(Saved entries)
<<<<
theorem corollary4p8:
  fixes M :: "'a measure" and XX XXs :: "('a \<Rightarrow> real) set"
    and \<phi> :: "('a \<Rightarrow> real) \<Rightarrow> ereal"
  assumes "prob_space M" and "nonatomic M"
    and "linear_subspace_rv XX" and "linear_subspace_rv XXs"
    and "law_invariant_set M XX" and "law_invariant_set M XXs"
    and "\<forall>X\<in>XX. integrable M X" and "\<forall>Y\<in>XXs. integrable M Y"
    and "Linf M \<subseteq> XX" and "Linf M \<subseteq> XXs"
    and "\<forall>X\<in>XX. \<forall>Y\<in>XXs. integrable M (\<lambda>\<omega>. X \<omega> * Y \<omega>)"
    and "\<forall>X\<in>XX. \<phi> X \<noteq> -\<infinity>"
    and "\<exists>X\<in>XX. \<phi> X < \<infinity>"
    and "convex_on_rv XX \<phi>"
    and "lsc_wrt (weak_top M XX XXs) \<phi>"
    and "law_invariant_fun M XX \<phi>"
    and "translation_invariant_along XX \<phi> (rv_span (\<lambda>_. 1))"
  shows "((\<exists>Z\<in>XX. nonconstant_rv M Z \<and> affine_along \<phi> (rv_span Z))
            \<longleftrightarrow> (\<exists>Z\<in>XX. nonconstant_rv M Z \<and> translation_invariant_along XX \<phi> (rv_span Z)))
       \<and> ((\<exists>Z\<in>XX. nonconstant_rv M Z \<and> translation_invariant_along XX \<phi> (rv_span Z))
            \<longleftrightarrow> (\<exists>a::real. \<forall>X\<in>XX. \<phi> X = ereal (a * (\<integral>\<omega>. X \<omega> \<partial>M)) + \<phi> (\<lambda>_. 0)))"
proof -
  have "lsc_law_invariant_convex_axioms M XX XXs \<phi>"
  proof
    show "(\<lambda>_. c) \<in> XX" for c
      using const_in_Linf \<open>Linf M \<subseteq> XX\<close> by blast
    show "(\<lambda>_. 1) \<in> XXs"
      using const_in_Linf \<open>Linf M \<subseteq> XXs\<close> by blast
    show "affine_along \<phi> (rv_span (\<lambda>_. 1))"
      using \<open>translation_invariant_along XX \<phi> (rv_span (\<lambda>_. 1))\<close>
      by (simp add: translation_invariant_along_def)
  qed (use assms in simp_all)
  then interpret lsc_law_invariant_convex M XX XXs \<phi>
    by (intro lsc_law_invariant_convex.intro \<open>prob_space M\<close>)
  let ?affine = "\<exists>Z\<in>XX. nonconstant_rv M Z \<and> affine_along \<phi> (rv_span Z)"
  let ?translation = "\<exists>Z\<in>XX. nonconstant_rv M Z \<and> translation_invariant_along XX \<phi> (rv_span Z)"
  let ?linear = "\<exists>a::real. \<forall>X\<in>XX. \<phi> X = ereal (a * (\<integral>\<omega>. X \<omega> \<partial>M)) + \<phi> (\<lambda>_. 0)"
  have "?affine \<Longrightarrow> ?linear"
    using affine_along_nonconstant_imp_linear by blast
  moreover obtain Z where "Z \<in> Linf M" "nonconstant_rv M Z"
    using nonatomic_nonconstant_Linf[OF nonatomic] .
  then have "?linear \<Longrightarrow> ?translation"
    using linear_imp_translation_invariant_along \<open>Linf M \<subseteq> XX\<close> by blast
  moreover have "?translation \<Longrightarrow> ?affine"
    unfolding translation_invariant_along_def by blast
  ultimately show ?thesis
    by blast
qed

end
>>>>
Work instruction ::
Return each line of the data exactly as written above.

Answer space ::
theorem corollary4p8:
  fixes M :: "'a measure" and XX XXs :: "('a \<Rightarrow> real) set"
    and \<phi> :: "('a \<Rightarrow> real) \<Rightarrow> ereal"
  assumes "prob_space M" and "nonatomic M"
    and "linear_subspace_rv XX" and "linear_subspace_rv XXs"
    and "law_invariant_set M XX" and "law_invariant_set M XXs"
    and "\<forall>X\<in>XX. integrable M X" and "\<forall>Y\<in>XXs. integrable M Y"
    and "Linf M \<subseteq> XX" and "Linf M \<subseteq> XXs"
    and "\<forall>X\<in>XX. \<forall>Y\<in>XXs. integrable M (\<lambda>\<omega>. X \<omega> * Y \<omega>)"
    and "\<forall>X\<in>XX. \<phi> X \<noteq> -\<infinity>"
    and "\<exists>X\<in>XX. \<phi> X < \<infinity>"
    and "convex_on_rv XX \<phi>"
    and "lsc_wrt (weak_top M XX XXs) \<phi>"
    and "law_invariant_fun M XX \<phi>"
    and "translation_invariant_along XX \<phi> (rv_span (\<lambda>_. 1))"
  shows "((\<exists>Z\<in>XX. nonconstant_rv M Z \<and> affine_along \<phi> (rv_span Z))
            \<longleftrightarrow> (\<exists>Z\<in>XX. nonconstant_rv M Z \<and> translation_invariant_along XX \<phi> (rv_span Z)))
       \<and> ((\<exists>Z\<in>XX. nonconstant_rv M Z \<and> translation_invariant_along XX \<phi> (rv_span Z))
            \<longleftrightarrow> (\<exists>a::real. \<forall>X\<in>XX. \<phi> X = ereal (a * (\<integral>\<omega>. X \<omega> \<partial>M)) + \<phi> (\<lambda>_. 0)))"
proof -
  have "lsc_law_invariant_convex_axioms M XX XXs \<phi>"
  proof
    show "(\<lambda>_. c) \<in> XX" for c
      using const_in_Linf \<open>Linf M \<subseteq> XX\<close> by blast
    show "(\<lambda>_. 1) \<in> XXs"
      using const_in_Linf \<open>Linf M \<subseteq> XXs\<close> by blast
    show "affine_along \<phi> (rv_span (\<lambda>_. 1))"
      using \<open>translation_invariant_along XX \<phi> (rv_span (\<lambda>_. 1))\<close>
      by (simp add: translation_invariant_along_def)
  qed (use assms in simp_all)
  then interpret lsc_law_invariant_convex M XX XXs \<phi>
    by (intro lsc_law_invariant_convex.intro \<open>prob_space M\<close>)
  let ?affine = "\<exists>Z\<in>XX. nonconstant_rv M Z \<and> affine_along \<phi> (rv_span Z)"
  let ?translation = "\<exists>Z\<in>XX. nonconstant_rv M Z \<and> translation_invariant_along XX \<phi> (rv_span Z)"
  let ?linear = "\<exists>a::real. \<forall>X\<in>XX. \<phi> X = ereal (a * (\<integral>\<omega>. X \<omega> \<partial>M)) + \<phi> (\<lambda>_. 0)"
  have "?affine \<Longrightarrow> ?linear"
    using affine_along_nonconstant_imp_linear by blast
  moreover obtain Z where "Z \<in> Linf M" "nonconstant_rv M Z"
    using nonatomic_nonconstant_Linf[OF nonatomic] .
  then have "?linear \<Longrightarrow> ?translation"
    using linear_imp_translation_invariant_along \<open>Linf M \<subseteq> XX\<close> by blast
  moreover have "?translation \<Longrightarrow> ?affine"
    unfolding translation_invariant_along_def by blast
  ultimately show ?thesis
    by blast
qed

end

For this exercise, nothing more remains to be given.